Garbage being part of the building??? I’m sorry but what in Sam Hill would make anyone believe that REFUSE would be considered PART of the building? It’s called “refuse” for a reason!

But that’s still not defamation–if he won, then he had to convince a jury that his employees were lying about him. So what was the lie?

The main reason they have that policy is because in the past people would abuse snacking rules.
Hmm I want some skittles (RIP) Opps looks like this bag is damaged.
Years ago some McDonalds near me would let the employees take home any food left over at closing.
It stopped when employees in the last hour would start taking orders from the others employees for what they wanted to take home.
As with so much abuses by a few ruin it for everyone else

Maybe if McDicks actually fed their employees, they wouldn’t feel the need to game the system in the only ways they can. Or heck, if they paid more than minimum wage. Not like they wouldn’t be able to afford either on those profit margins of theirs. If they’re gonna treat their employees like shite then there’s no surprise when the employees rebel in any way that won’t jeopardize their rent for the month

McDonalds DOES feed their employees. And they pay them more than minimum wage in most places. But they can’t afford to pay them much more; their profit margins aren’t very good, actually. Also, pretty sure the franchise owners generally negotiate wages with the employees, not corporate.

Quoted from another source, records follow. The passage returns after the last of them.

lemma clamped_flow_stays_in_F:
  assumes dz: "\<And>t. t0 \<le> t \<Longrightarrow> (z has_vector_derivative clamped_field (z t)) (at t within {t0..})"
    and init: "in_F (fst (z t0)) (snd (z t0))" and "t0 \<le> t"
  shows "in_F (fst (z t)) (snd (z t))"
proof -
  define p a where "p t = fst (z t)" and "a t = snd (z t)" for t
  define gP gA where "gP t = fP mu delta b (clamp 0 1 (p t)) (clamp 0 1 (a t))"
    and "gA t = fA delta rho (clamp 0 1 (p t)) (clamp 0 1 (a t))" for t
  have dp: "(p has_real_derivative gP t) (at t within {t0..})"
    and da: "(a has_real_derivative gA t) (at t within {t0..})" if "t0 \<le> t" for t
    using has_vector_derivative_Pair_components[OF dz[OF that, unfolded clamped_field_def]]
    unfolding gP_def gA_def p_def a_def by simp_all
  have p_nonneg: "0 \<le> p t" if "t0 \<le> t" for t
    by (rule nonneg_barrier[OF dp _ _ that])
      (use init in \<open>auto simp: p_def in_F_def gP_def fP_def clamp_unit_interval\<close>)
  have a_nonneg: "0 \<le> a t" if "t0 \<le> t" for t
    by (rule nonneg_barrier[OF da _ _ that])
      (use init in \<open>auto simp: a_def in_F_def gA_def fA_def clamp_unit_interval\<close>)
  have a_le_1: "0 \<le> 1 - a t" if "t0 \<le> t" for t
  proof (rule nonneg_barrier[OF _ _ _ that])
    show "((\<lambda>t. 1 - a t) has_real_derivative - gA t) (at t within {t0..})" if "t0 \<le> t" for t
      using da[OF that] by (auto intro!: derivative_eq_intros)
    have "0 \<le> rho * clamp 0 1 (a t)" for t
      using rho_pos by (simp add: clamp_unit_interval)
    then show "0 \<le> - gA t" for t
      unfolding gA_def by (rule order_trans[OF _ rho_A_le_neg_fA]) (auto simp: clamp_unit_interval)
  qed (use init in \<open>auto simp: a_def in_F_def\<close>)
  have C_nonneg: "0 \<le> 1 - 2 * p t - a t" if "t0 \<le> t" for t
  proof (rule nonneg_barrier[OF _ _ _ that])
    show "((\<lambda>t. 1 - 2 * p t - a t) has_real_derivative - 2 * gP t - gA t) (at t within {t0..})"
      if "t0 \<le> t" for t
      using dp[OF that] da[OF that] by (auto intro!: derivative_eq_intros)
    fix t assume "t0 < t" "1 - 2 * p t - a t < 0"
    then have "1 - 2 * clamp 0 1 (p t) - clamp 0 1 (a t) \<le> 0"
      using p_nonneg[of t] a_nonneg[of t] a_le_1[of t] by (auto simp: clamp_unit_interval)
    then show "0 \<le> - 2 * gP t - gA t"
      unfolding gP_def gA_def by (intro centrist_rate_nonneg) (auto simp: clamp_unit_interval)
  qed (use init in \<open>auto simp: p_def a_def in_F_def\<close>)
  show ?thesis
    using p_nonneg[OF \<open>t0 \<le> t\<close>] a_nonneg[OF \<open>t0 \<le> t\<close>] C_nonneg[OF \<open>t0 \<le> t\<close>]
    unfolding in_F_def p_def a_def by linarith
qed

But anyway, I wouldn’t say a few people abusing the generosity ruined it for everyone else; it’s laws about liability and wrongful termination that ruin it for everyone else. It’s like rules today about using the internet for anything besides work; corporate generally doesn’t give a damn if you spend your last 10 minutes of the day reading the news, and it’s not because Becca can’t get off Facebook that everyone is banned–it’s because if they try to fire Becca for CONSTANTLY using Facebook while everyone else is free to screw around online reasonably, she can claim it’s discrimination or retaliation because she accused her boss of some BS 2 months ago. Poorly-defined rules like that invite challenges and arguments, so they instead make the rules rock-solid and aggressively enforce them, so no one can ever claim they are being singled-out.

To be fair, closed circuit cameras should be on to ensure that such abuses don’t exist. Throwing out entire closed bags is still food waste. It would’ve been more beneficial to donate unsold merchandise to food banks and volunteer centers.

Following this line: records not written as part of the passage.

lemma EX1mX_add_swap_le_1: "EX1mX \<theta> \<beta> l i j + EX1mX \<theta> \<beta> l j i \<le> 1"
proof -
  have "0 \<le> resp_prob a b" "resp_prob a b \<le> 1" for a b
    using resp_prob_pos resp_prob_less_1 less_imp_le by blast+
  hence "EX1mX \<theta> \<beta> l i j \<le> resp_prob (\<theta> l) (\<beta> i)"
    "EX1mX \<theta> \<beta> l j i \<le> 1 - resp_prob (\<theta> l) (\<beta> i)"
    unfolding EX1mX_def by (simp_all add: mult_left_le mult_left_le_one_le)
  thus ?thesis by simp
qed

lemma finite_EX1mX_values:
  "finite {EX1mX \<theta> \<beta> l i j | l i j. l < n \<and> i < m \<and> j < m \<and> i \<noteq> j}"
proof (rule finite_subset)
  show "{EX1mX \<theta> \<beta> l i j | l i j. l < n \<and> i < m \<and> j < m \<and> i \<noteq> j}
      \<subseteq> (\<lambda>(l,i,j). EX1mX \<theta> \<beta> l i j) ` ({..<n} \<times> {..<m} \<times> {..<m})"
  proof
    fix x assume "x \<in> {EX1mX \<theta> \<beta> l i j | l i j. l < n \<and> i < m \<and> j < m \<and> i \<noteq> j}"
    then obtain l i j where "x = EX1mX \<theta> \<beta> l i j" "l < n" "i < m" "j < m" by blast
    thus "x \<in> (\<lambda>(l,i,j). EX1mX \<theta> \<beta> l i j) ` ({..<n} \<times> {..<m} \<times> {..<m})"
      by (intro image_eqI[of _ _ "(l,i,j)"]) auto
  qed
qed auto

lemma gamma_min_le_EX1mX:
  assumes "l < n" "i < m" "j < m" "i \<noteq> j"
  shows "gamma_min n m \<theta> \<beta> \<le> EX1mX \<theta> \<beta> l i j"
  unfolding gamma_min_def using assms by (intro Min_le finite_EX1mX_values) auto

lemma gamma_min_pos:
  assumes "n \<ge> 1" "m \<ge> 2"
  shows "0 < gamma_min n m \<theta> \<beta>"
proof -
  have "gamma_min n m \<theta> \<beta> \<in> {EX1mX \<theta> \<beta> l i j | l i j. l < n \<and> i < m \<and> j < m \<and> i \<noteq> j}"
  proof (unfold gamma_min_def, intro Min_in finite_EX1mX_values)
    have "0 < n" "1 < m" "(0::nat) \<noteq> 1" using assms by auto
    thus "{EX1mX \<theta> \<beta> l i j | l i j. l < n \<and> i < m \<and> j < m \<and> i \<noteq> j} \<noteq> {}" by fastforce
  qed
  thus ?thesis using EX1mX_pos by auto
qed

lemma EX1mX_le_1_minus_gamma_min:
  assumes "l < n" "i < m" "j < m" "i \<noteq> j"
  shows "EX1mX \<theta> \<beta> l i j \<le> 1 - gamma_min n m \<theta> \<beta>"
  using EX1mX_add_swap_le_1[of \<theta> \<beta> l i j] gamma_min_le_EX1mX[of l n j m i \<theta> \<beta>] assms by simp

lemma gamma_min_less_1:
  assumes "n \<ge> 1" "m \<ge> 2"
  shows "gamma_min n m \<theta> \<beta> < 1"
  using EX1mX_le_1_minus_gamma_min[of 0 n 0 m 1 \<theta> \<beta>] EX1mX_pos[of \<theta> \<beta> 0 0 1] assms by simp

lemma kappa_nonneg:
  assumes "m > 0"
  shows "0 \<le> kappa m \<beta>"
proof -
  have "Min (\<beta> ` {..<m}) \<le> \<beta> 0" "\<beta> 0 \<le> Max (\<beta> ` {..<m})"
    using assms by (simp_all add: Min_le Max_ge)
  thus ?thesis unfolding kappa_def by simp
qed

lemma Pstar_carrier: "Pstar n m p A \<theta> \<beta> \<in> carrier_mat m m"
  by (simp add: Pstar_def)

lemma Pstar_row_sum:
  assumes "i < m"
  shows "(\<Sum>k<m. Pstar n m p A \<theta> \<beta> $$ (i,k)) = 1"
proof -
  have "(\<Sum>k\<in>{..<m} - {i}. Pstar n m p A \<theta> \<beta> $$ (i,k))
      = (\<Sum>k\<in>{..<m} - {i}. Poff n m p A \<theta> \<beta> i k)"
    using assms by (intro sum.cong refl) (auto simp: Pstar_def)
  thus ?thesis
    using assms sum.remove[of "{..<m}" i "\<lambda>k. Pstar n m p A \<theta> \<beta> $$ (i,k)"] by (simp add: Pstar_def)
qed

lemma Pstar_reversible: "reversible_wrt (Pstar n m p A \<theta> \<beta>) (\<lambda>i. exp (\<beta> i))"
  unfolding reversible_wrt_def Pstar_def Poff_def
  by (auto simp: sum_distrib_left EX1mX_detailed_balance mult_ac)

context
  fixes n m :: nat and p :: real and \<theta> \<beta> :: "nat \<Rightarrow> real" and A :: "nat \<Rightarrow> nat \<Rightarrow> real"
  assumes n: "n \<ge> 1" and m: "m \<ge> 2" and p: "0 < p"
    and A01: "\<forall>l<n. \<forall>i<m. A l i \<in> {0, 1}" and event: "event_A n m p A"
begin

private lemma A_mult_nonneg:
  assumes "l < n" "i < m" "j < m"
  shows "0 \<le> A l i * A l j"
proof -
  have "A l i \<in> {0, 1}" "A l j \<in> {0, 1}" using A01 assms by auto
  thus ?thesis by auto
qed

private lemma dconst_pos: "0 < dconst n m p"
  using n m p by (simp add: dconst_def)

private lemma Poff_eq:
  "Poff n m p A \<theta> \<beta> i j = (\<Sum>l<n. A l i * A l j * EX1mX \<theta> \<beta> l i j) / dconst n m p"
  by (simp add: Poff_def)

At least in my area, food banks aren’t allowed to accept “leftovers.” They can take in stuff made specifically for donation, but not so-called food waste. Again, the abuses of the few screw it up for everyone else.

I can understand it if the items in question are past their expiration date and could be considered a health risk but throwing out perfectly good stock is just pedantic.

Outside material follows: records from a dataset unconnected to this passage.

(* Let $m,n\in\mathbb{N}$ and $\epsilon>0$. Let $\Gamma\subseteq\mathbb{Z}_n$ and let $f:\mathbb{Z}_n\to\mathbb{C}$ be a $|\Gamma|$-sparse function of the form $f(x)=\sum_{\alpha\in\Gamma}\widehat f(\alpha)\chi_\alpha(x)$. Let $\ell:=\min(n,m)$ and let $g:\mathbb{Z}_m\to\mathbb{C}$ be defined by $g(x)=f(x)$ for $0\le x<\ell$ and $g(x)=0$ otherwise. Let $r=|\Gamma|\,\|f\|_2^2/(2\epsilon)$ and $\Gamma'=\bigcup_{\alpha\in\Gamma}\{\beta\in\mathbb{Z}_m:|\frac mn\alpha-\beta|_m\le r+1\}$. Then $\|g-g|_{\Gamma'}\|_2^2\le\epsilon$.
   Context: $\mathbb{Z}_n=\{0,\dots,n-1\}$ with addition mod $n$; elements are treated as these integer representatives. For $h:\mathbb{Z}_n\to\mathbb{C}$: $\langle h_1,h_2\rangle=\frac1n\sum_x h_1(x)\overline{h_2(x)}$, $\|h\|_2^2=\langle h,h\rangle$, $\chi_\alpha(x)=\exp(2\pi i\alpha x/n)$, $\widehat h(\alpha)=\langle h,\chi_\alpha\rangle$; analogously on $\mathbb{Z}_m$ with $m$ in place of $n$. For $\Gamma'\subseteq\mathbb{Z}_m$ and $h:\mathbb{Z}_m\to\mathbb{C}$, $h|_{\Gamma'}=\sum_{\beta\in\Gamma'}\widehat h(\beta)\chi_{\beta,m}$. For $k\in\mathbb{N}$, $x\in\mathbb{R}$: $|x|_k=\min\{|x-kz|:z\in\mathbb{Z}\}$. *)

theory Defs
  imports Complex_Main
begin

text \<open>Z_n is represented by the natural numbers 0..<n; functions Z_n -> C are
  functions nat => complex of which only the values on {0..<n} matter.\<close>

definition inner_Z :: "nat \<Rightarrow> (nat \<Rightarrow> complex) \<Rightarrow> (nat \<Rightarrow> complex) \<Rightarrow> complex" where
  "inner_Z n h1 h2 = (\<Sum>x<n. h1 x * cnj (h2 x)) / of_nat n"

definition norm2sq_Z :: "nat \<Rightarrow> (nat \<Rightarrow> complex) \<Rightarrow> real" where
  "norm2sq_Z n h = (\<Sum>x<n. (cmod (h x))^2) / real n"

definition chi :: "nat \<Rightarrow> nat \<Rightarrow> nat \<Rightarrow> complex" where
  "chi n \<alpha> x = exp (2 * of_real pi * \<i> * of_nat \<alpha> * of_nat x / of_nat n)"

definition fourier :: "nat \<Rightarrow> (nat \<Rightarrow> complex) \<Rightarrow> nat \<Rightarrow> complex" where
  "fourier n h \<alpha> = inner_Z n h (chi n \<alpha>)"

definition restrict_freq :: "nat \<Rightarrow> nat set \<Rightarrow> (nat \<Rightarrow> complex) \<Rightarrow> nat \<Rightarrow> complex" where
  "restrict_freq m \<Gamma>' h x = (\<Sum>\<beta>\<in>\<Gamma>'. fourier m h \<beta> * chi m \<beta> x)"

definition dist_mod :: "nat \<Rightarrow> real \<Rightarrow> real" where
  "dist_mod k x = Inf {\<bar>x - real k * of_int z\<bar> | z. True}"

end

theory Submission
  imports Defs "HOL-Analysis.Analysis" "HOL-Library.Real_Mod"
begin

text \<open>Let C(\<alpha>, \<beta>) be the Fourier coefficient at \<beta> on Z_m of the character \<chi>_\<alpha> of Z_n
  truncated to [0, l), so that the coefficient of g at \<beta> is the sum over \<alpha> \<in> \<Gamma> of
  fourier n f \<alpha> * C(\<alpha>, \<beta>). Now C(\<alpha>, \<beta>) is a geometric sum with ratio exp(2\<pi>i(\<alpha>/n - \<beta>/m)), so
  Jordan's inequality gives |C(\<alpha>, \<beta>)| \<le> 1/(2|m\<alpha>/n - \<beta>|_m). By Parseval the residual is the
  energy of g at the frequencies outside \<Gamma>', and Cauchy-Schwarz bounds it by |\<Gamma>| ||f||^2 times
  the sum of 1/(4|t - \<beta>|_m^2) over the \<beta> farther than r + 1 from t = m\<alpha>/n. Comparing with
  the telescoping sums of 1/(k - 1/2) - 1/(k + 1/2) on either side of t bounds this sum by
  1/(2r + 1), and |\<Gamma>| ||f||^2/(2r + 1) = 2\<epsilon>r/(2r + 1) \<le> \<epsilon>.\<close>

lemma jordan_sin_ge:
  fixes x :: real
  assumes "0 \<le> x" "x \<le> pi / 2"
  shows "2 / pi * x \<le> sin x"
proof -
  have "convex_on {0..pi/2} (\<lambda>x. - sin x)"
  proof (rule convex_on_realI[where f' = "\<lambda>x. - cos x"])
    show "((\<lambda>x. - sin x) has_real_derivative - cos x) (at x)" for x
      by (auto intro!: derivative_eq_intros)
    show "- cos x \<le> - cos y" if "x \<in> {0..pi/2}" "y \<in> {0..pi/2}" "x \<le> y" for x y
      using that cos_mono_le_eq[of y x] by auto
  qed simp
  moreover have "0 \<le> 2 / pi * x" "2 / pi * x \<le> 1"
    using assms pi_gt_zero by (auto simp: field_simps)
  ultimately have "- sin ((1 - 2/pi*x) *\<^sub>R 0 + (2/pi*x) *\<^sub>R (pi/2))
      \<le> (1 - 2/pi*x) * - sin 0 + (2/pi*x) * - sin (pi/2)"
    by (intro convex_onD[where f = "\<lambda>x. - sin x"]) auto
  then show ?thesis by simp
qed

When I worked briefly at Mc D’s in the early 1980’s they had what was referred to as an “E” meal that was available at a reduced price to employees. I was not impressed. I suppose micro-management was necessary given the number of teenagers they employed but it wore me out after a couple of weeks. The next job was at a theater where the policy was if there weren’t any customers in the lobby, eat all the popcorn you want. Hot dogs were fair game after the steamer leached the red dye out of them. Candy was the only thing you didn’t mess with because it actually cost the owners money. It was a family owned business and the kids actually worked the concession stand with us.

So will we ever meet this Loss Prevention person?

Who knows – they might be someone we will grow to like even less than Wesley.

Damn the US is fucking scary!

I’ve only worked retail in the UK for 3 years but the multinational company I work for basically throws free food at everyone rather than throw it away.

We got sent in 40 bottles of whisky from a brand our store doesn’t sell and the regional manager’s response was ‘well looks like the staff who like whisky get a few free bottles if they want it’.

Well, now I know where I’m emigrating if things ever degenerate too far on this side of the pond.

Right now, there are a lot of other places in Europe that look far better than the UK right now. The rampant blatant transphobia has been directly leading to “normal” homophobia (including the typical beatings of gay people) that doesn’t get acknowledged in British large news media. There are a lot of other problems, but that’s the big one that screams out to me at the moment.

While awful if true, that’s not really going to scare away anyone not gay or trans. Doing even less than our police to control violent gangs hunting down and attacking people in broad daylight, right in front of said police, or even outright chasing police away with no consequences, is infinitely scarier.